The old-time ‘Purple Top White Globe’ (50 days) is the classic turnip that most gardeners grow. The white roots have electric purple tops, and the young leaves are favored in the South for turnip greens. For something unique, try the red-rooted ‘Scarlet Ohno Revival’ (50 days) turnip, which can be eaten fresh or cooked. The white-rooted Japanese variety ‘Tokyo Market’ (35 days) has a fruity, sweet flavor ideal for eating fresh in salads.
Grow in fertile loam with a neutral to slightly alkaline pH of 6.5 to 8. These are faster growing, so gardeners can wait until early October to sow seeds in fall gardens or cold frames.
Storing Root Vegetables through Winter
Homeowners used to have root cellars for keeping produce through cold months. The humid cellars maintained roots at optimal storage temperatures between 32 and 40 degrees Fahrenheit. These days we have refrigerators, but if you have a large harvest, you’ll likely need more storage space. Here are four smart, space-saving ways to store your root harvest in winter. (Always remember to remove the greens from your root crops before storing them!)
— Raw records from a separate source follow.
lemma liminf_neg_ln_pos_of_exponential_decay:
  fixes x :: "nat \<Rightarrow> real" and \<delta> C :: real
  assumes "0 < \<delta>" and decay: "eventually (\<lambda>N. 0 < x N \<and> x N \<le> C * exp (- \<delta> * N)) sequentially"
  shows "0 < liminf (\<lambda>N. ereal (- (1 / real N) * ln (x N)))"
proof -
  have "eventually (\<lambda>N. 2 * ln C / \<delta> \<le> real N \<and> 1 \<le> N) sequentially"
    using eventually_ge_at_top[of "max 1 (nat \<lceil>2 * ln C / \<delta>\<rceil>)"]
    by eventually_elim linarith
  with decay have "eventually (\<lambda>N. ereal (\<delta> / 2) \<le> ereal (- (1 / real N) * ln (x N))) sequentially"
  proof eventually_elim
    case (elim N)
    then have "0 < C"
      by (smt (verit) exp_gt_zero mult_nonpos_nonneg)
    have "ln (x N) \<le> ln (C * exp (- \<delta> * N))"
      using elim by simp
    also have "\<dots> = ln C - \<delta> * N"
      using \<open>0 < C\<close> by (simp add: ln_mult)
    also have "\<dots> \<le> - (\<delta> / 2) * N"
      using elim \<open>0 < \<delta>\<close> by (simp add: field_simps)
    finally show ?case
      using elim by (simp add: field_simps)
  qed
  then have "ereal (\<delta> / 2) \<le> liminf (\<lambda>N. ereal (- (1 / real N) * ln (x N)))"
    by (rule Liminf_bounded)
  moreover have "0 < ereal (\<delta> / 2)"
    using \<open>0 < \<delta>\<close> by simp
  ultimately show ?thesis
    by (rule order.strict_trans2[rotated])
qed

definition II_on :: "real set \<Rightarrow> ('a \<Rightarrow> 'a) \<Rightarrow> ('a \<Rightarrow> real) \<Rightarrow> nat \<Rightarrow> 'a \<Rightarrow> ennreal" where
  "II_on S \<phi> f N \<omega> = (\<integral>\<^sup>+E. ennreal (1 / (opnorm (transfer \<phi> f E N \<omega>))\<^sup>2) * indicator S E \<partial>lborel)"

text \<open>For a fixed \<open>\<omega>\<close> the orbit is an arbitrary sequence; the discrete \<open>\<sigma>\<close>-algebra makes
  \<open>\<phi>\<close> and \<open>f\<close> trivially measurable.\<close>
lemma transfer_measurable_energy [measurable]: "(\<lambda>E. transfer \<phi> f E N \<omega>) \<in> borel_measurable borel"
  using transfer_measurable[of "\<lambda>E. E" borel "\<lambda>_. \<omega>" "count_space UNIV" \<phi> f N] by simp
(* Let $G$ be a graph with maximum degree at most $\Delta_{\max}$, let $t\in\mathbb{N}$, let $\eta\geq 0$, and let $c:E(G)\to[t]$ be a (not necessarily proper) edge-colouring such that for every edge $uv\in E(G)$ and every $i\in[t]$, $$s_{c(uv)}(u)+s_{c(uv)}(v)\leq \eta+s_i(u)+s_i(v).$$ If $uv\in E(G)$ satisfies $s_{c(uv)}(u)+s_{c(uv)}(v)=D$, then there exists a colour $\kappa\in[t]$ such that $s_\kappa(u)\geq D-\eta$.
   Context: For a vertex $v$ and colour $i\in[t]$, $d_i(v)$ is the number of edges of colour $i$ incident to $v$, and $s_i(v)=\max\{d_i(v)-\frac{\Delta_{\max}}{t},0\}$. *)

theory Defs
  imports Main Complex_Main
begin

definition simple_graph :: "'a set set \<Rightarrow> bool" where
  "simple_graph E \<longleftrightarrow> finite E \<and> (\<forall>e\<in>E. card e = 2)"

definition degree :: "'a set set \<Rightarrow> 'a \<Rightarrow> nat" where
  "degree E v = card {e\<in>E. v \<in> e}"

definition col_deg :: "'a set set \<Rightarrow> ('a set \<Rightarrow> nat) \<Rightarrow> nat \<Rightarrow> 'a \<Rightarrow> nat" where
  "col_deg E c i v = card {e\<in>E. v \<in> e \<and> c e = i}"

definition surplus :: "'a set set \<Rightarrow> ('a set \<Rightarrow> nat) \<Rightarrow> nat \<Rightarrow> nat \<Rightarrow> nat \<Rightarrow> 'a \<Rightarrow> real" where
  "surplus E c Delta t i v = max (real (col_deg E c i v) - real Delta / real t) 0"

end

theory Submission
  imports Defs
begin

text \<open>Since the colour degrees of v add up to at most its degree, some colour i is
used at v at most \<Delta>/t times, so s_i(v) = 0. Applying the hypothesis to the edge uv
and this colour i gives D \<le> \<eta> + s_i(u), so \<kappa> = i works.\<close>

lemma sum_col_deg_le_degree:
  assumes "finite E" "finite I"
  shows "(\<Sum>i\<in>I. col_deg E c i v) \<le> degree E v"
proof -
  have "(\<Sum>i\<in>I. col_deg E c i v) = card (\<Union>i\<in>I. {e\<in>E. v \<in> e \<and> c e = i})"
    unfolding col_deg_def
    by (rule card_UN_disjoint[symmetric]) (use assms in auto)
  also have "\<dots> \<le> card {e\<in>E. v \<in> e}"
    by (rule card_mono) (use assms in auto)
  finally show ?thesis
    unfolding degree_def .
qed

lemma ex_col_deg_le_average:
  assumes "finite E" "finite I" "I \<noteq> {}" "degree E v \<le> Delta"
  shows "\<exists>i\<in>I. real (col_deg E c i v) \<le> real Delta / real (card I)"
proof (rule ccontr)
  assume "\<not> ?thesis"
  then have "(\<Sum>i\<in>I. real Delta / real (card I)) < (\<Sum>i\<in>I. real (col_deg E c i v))"
    using assms(2,3) by (intro sum_strict_mono) auto
  also have "\<dots> \<le> real Delta"
    using le_trans[OF sum_col_deg_le_degree[OF assms(1,2)] assms(4)]
    by (simp flip: of_nat_sum)
  finally show False
    using assms(2,3) by simp
qed

lemma ex_colour_surplus_eq_0:
  assumes "finite E" "degree E v \<le> Delta" "t \<ge> 1"
  shows "\<exists>i\<in>{1..t}. surplus E c Delta t i v = 0"
proof -
  obtain i where "i \<in> {1..t}" "real (col_deg E c i v) \<le> real Delta / real t"
    using ex_col_deg_le_average[of E "{1..t}" v Delta c] assms by auto
  moreover from this(2) have "surplus E c Delta t i v = 0"
    unfolding surplus_def by simp
  ultimately show ?thesis
    by blast
qed

theorem lemma4p3:
  fixes E :: "'a set set" and c :: "'a set \<Rightarrow> nat" and Delta t :: nat
    and eta D :: real and u v :: 'a
  assumes "simple_graph E"
    and "\<forall>x. degree E x \<le> Delta"
    and "eta \<ge> 0"
    and "\<forall>e\<in>E. c e \<in> {1..t}"
    and "\<forall>x y i. {x, y} \<in> E \<and> i \<in> {1..t} \<longrightarrow>
          surplus E c Delta t (c {x, y}) x + surplus E c Delta t (c {x, y}) y
            \<le> eta + surplus E c Delta t i x + surplus E c Delta t i y"
    and "{u, v} \<in> E"
    and "surplus E c Delta t (c {u, v}) u + surplus E c Delta t (c {u, v}) v = D"
  shows "\<exists>\<kappa>\<in>{1..t}. surplus E c Delta t \<kappa> u \<ge> D - eta"
proof -
  have "finite E"
    using assms(1) unfolding simple_graph_def by simp
  moreover have "t \<ge> 1"
    using assms(4,6) by fastforce
  ultimately obtain i where i: "i \<in> {1..t}" "surplus E c Delta t i v = 0"
    using ex_colour_surplus_eq_0 assms(2) by meson
  have "D \<le> eta + surplus E c Delta t i u + surplus E c Delta t i v"
    using assms(5)[rule_format, OF conjI[OF assms(6) i(1)]] assms(7) by simp
  with i show ?thesis
    by force
qed

end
Provide Garden Cover: This easy method allows gardeners in milder winter areas to keep their crops in the ground. Before hard freezes hit, cover your root crops with a 1- to 2-foot layer of straw. This will protect them from harsh cold and winter heave. Just uncover and dig them as you need them.
Grow in a Cold Frame: The best cold frames are stone or brick-lined, sunken, and plexiglass covered to hold in the heat from the winter sun. Topping cold frame crops with rich compost will add extra protection from cold and make winter harvest easier.
Dig a Root Clamp: This is an old way to store roots without a root cellar. Dig a broad hole about 3-feet across and 1 or 2-feet deep in your garden. Add a thick base layer of straw, layer in your roots, add another thick top layer of straw and cover the sides with a layer of soil and compost. Leave a chimney of thick straw at the top for protection and aeration. Dig in through winter when you want to gather roots for eating!
Create Root Box for a Cool Basement or Garage: If your basement or garage stays below 40 degrees Fahrenheit through winter, create root boxes! Take an aerated wooden or thick cardboard box, layer in straw and lightly moistened peat moss, and add moistened root crops between them. Then collect the roots as you need them.